─── RECORDS SHOWN ───

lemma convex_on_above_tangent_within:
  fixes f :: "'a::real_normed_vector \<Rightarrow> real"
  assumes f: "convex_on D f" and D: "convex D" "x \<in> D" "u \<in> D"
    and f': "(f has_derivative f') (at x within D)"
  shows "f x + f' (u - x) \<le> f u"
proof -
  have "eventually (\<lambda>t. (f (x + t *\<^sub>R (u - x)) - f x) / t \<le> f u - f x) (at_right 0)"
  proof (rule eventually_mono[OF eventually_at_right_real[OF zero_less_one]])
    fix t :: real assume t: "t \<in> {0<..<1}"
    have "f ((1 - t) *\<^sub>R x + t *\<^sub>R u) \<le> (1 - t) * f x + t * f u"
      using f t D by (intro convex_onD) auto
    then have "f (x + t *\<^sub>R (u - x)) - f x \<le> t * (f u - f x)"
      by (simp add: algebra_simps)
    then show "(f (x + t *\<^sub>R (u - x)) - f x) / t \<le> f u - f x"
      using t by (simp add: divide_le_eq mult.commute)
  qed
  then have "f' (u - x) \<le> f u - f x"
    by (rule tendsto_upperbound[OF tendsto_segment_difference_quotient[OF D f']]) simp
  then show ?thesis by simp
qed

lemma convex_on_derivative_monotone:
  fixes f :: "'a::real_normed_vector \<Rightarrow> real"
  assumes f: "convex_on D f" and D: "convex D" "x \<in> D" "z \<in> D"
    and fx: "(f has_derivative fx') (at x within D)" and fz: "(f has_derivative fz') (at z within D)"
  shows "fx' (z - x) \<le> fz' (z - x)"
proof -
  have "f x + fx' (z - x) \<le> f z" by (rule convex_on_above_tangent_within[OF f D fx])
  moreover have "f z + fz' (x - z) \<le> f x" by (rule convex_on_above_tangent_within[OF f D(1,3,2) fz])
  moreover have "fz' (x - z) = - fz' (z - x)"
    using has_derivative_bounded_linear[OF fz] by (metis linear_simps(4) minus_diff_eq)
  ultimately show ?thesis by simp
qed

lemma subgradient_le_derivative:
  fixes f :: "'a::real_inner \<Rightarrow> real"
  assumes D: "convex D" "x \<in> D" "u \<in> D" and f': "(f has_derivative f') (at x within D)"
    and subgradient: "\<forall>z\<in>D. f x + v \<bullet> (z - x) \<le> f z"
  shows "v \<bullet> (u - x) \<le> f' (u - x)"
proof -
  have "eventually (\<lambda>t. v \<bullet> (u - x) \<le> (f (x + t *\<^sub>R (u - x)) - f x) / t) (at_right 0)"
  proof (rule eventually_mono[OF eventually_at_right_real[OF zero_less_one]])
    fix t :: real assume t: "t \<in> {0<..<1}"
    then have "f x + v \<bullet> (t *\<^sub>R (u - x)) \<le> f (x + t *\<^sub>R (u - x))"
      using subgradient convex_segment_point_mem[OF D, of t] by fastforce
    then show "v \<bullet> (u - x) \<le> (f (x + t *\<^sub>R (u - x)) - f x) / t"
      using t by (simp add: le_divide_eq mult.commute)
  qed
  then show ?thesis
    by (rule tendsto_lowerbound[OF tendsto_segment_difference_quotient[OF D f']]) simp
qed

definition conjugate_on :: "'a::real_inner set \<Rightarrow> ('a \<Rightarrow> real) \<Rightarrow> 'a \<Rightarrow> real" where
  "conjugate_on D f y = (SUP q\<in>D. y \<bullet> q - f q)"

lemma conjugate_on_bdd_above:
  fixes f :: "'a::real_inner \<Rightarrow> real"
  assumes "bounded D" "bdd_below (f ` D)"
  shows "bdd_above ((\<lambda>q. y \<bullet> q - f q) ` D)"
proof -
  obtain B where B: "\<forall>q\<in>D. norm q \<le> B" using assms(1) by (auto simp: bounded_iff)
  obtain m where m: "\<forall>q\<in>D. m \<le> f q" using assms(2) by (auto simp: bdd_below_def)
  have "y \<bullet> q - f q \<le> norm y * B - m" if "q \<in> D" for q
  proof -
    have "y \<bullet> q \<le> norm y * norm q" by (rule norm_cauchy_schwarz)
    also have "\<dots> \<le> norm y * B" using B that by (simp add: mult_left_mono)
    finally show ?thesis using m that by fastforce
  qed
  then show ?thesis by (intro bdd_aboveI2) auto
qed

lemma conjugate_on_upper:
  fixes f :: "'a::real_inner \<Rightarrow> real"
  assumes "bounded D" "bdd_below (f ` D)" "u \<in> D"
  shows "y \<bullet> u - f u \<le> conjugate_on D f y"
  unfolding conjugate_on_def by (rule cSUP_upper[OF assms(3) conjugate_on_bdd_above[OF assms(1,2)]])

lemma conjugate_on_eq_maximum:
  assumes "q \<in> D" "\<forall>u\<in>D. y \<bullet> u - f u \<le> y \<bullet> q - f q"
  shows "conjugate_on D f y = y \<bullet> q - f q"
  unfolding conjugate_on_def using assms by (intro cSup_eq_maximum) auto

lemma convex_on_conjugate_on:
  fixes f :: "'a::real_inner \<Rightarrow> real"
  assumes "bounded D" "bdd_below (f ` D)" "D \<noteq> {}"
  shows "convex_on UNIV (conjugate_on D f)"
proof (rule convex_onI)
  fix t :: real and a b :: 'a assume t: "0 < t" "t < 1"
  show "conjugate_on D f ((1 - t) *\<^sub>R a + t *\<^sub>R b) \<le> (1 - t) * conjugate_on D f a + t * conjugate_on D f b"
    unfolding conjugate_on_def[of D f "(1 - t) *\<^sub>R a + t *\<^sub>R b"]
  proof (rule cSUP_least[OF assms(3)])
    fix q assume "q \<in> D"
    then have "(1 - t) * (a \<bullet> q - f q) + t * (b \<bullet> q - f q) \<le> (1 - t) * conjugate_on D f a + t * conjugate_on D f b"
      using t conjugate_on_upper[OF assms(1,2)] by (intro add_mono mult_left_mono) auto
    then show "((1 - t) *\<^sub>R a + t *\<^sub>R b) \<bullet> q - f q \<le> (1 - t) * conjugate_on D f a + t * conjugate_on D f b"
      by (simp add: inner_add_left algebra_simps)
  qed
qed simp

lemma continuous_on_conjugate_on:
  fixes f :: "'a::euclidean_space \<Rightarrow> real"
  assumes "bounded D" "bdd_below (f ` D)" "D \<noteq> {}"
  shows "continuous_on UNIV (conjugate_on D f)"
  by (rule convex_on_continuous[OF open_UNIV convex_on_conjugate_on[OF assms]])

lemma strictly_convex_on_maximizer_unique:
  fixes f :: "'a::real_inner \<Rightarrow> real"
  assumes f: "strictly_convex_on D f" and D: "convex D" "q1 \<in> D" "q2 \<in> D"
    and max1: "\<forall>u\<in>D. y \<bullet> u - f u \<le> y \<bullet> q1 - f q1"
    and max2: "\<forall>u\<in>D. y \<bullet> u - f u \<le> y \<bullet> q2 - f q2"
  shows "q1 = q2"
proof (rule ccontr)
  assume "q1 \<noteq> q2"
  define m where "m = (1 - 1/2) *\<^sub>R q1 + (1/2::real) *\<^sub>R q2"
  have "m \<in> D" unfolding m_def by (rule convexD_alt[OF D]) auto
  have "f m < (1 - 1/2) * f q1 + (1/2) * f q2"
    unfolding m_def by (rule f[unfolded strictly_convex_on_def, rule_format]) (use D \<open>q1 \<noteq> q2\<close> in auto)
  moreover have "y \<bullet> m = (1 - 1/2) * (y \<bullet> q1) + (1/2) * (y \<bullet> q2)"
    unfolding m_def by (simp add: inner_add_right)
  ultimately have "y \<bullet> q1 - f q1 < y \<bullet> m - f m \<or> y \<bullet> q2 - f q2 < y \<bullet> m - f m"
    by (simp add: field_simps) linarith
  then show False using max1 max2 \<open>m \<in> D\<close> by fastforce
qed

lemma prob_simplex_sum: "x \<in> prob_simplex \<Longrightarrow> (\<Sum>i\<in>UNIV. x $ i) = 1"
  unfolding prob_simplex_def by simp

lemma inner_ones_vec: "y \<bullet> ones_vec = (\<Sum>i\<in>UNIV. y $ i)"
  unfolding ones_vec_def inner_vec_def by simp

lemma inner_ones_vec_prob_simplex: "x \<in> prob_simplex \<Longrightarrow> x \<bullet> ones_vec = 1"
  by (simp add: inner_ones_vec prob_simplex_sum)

───

- **EXERCISE REQUIREMENTS**
Looking at the data above, return every line from the one with "1/2) * f q1" down to the one with "(y \<bullet> q1)", exactly and inclusively.

- **RESPONSE TO THIS EXERCISE**
  have "f m < (1 - 1/2) * f q1 + (1/2) * f q2"
    unfolding m_def by (rule f[unfolded strictly_convex_on_def, rule_format]) (use D \<open>q1 \<noteq> q2\<close> in auto)
  moreover have "y \<bullet> m = (1 - 1/2) * (y \<bullet> q1) + (1/2) * (y \<bullet> q2)"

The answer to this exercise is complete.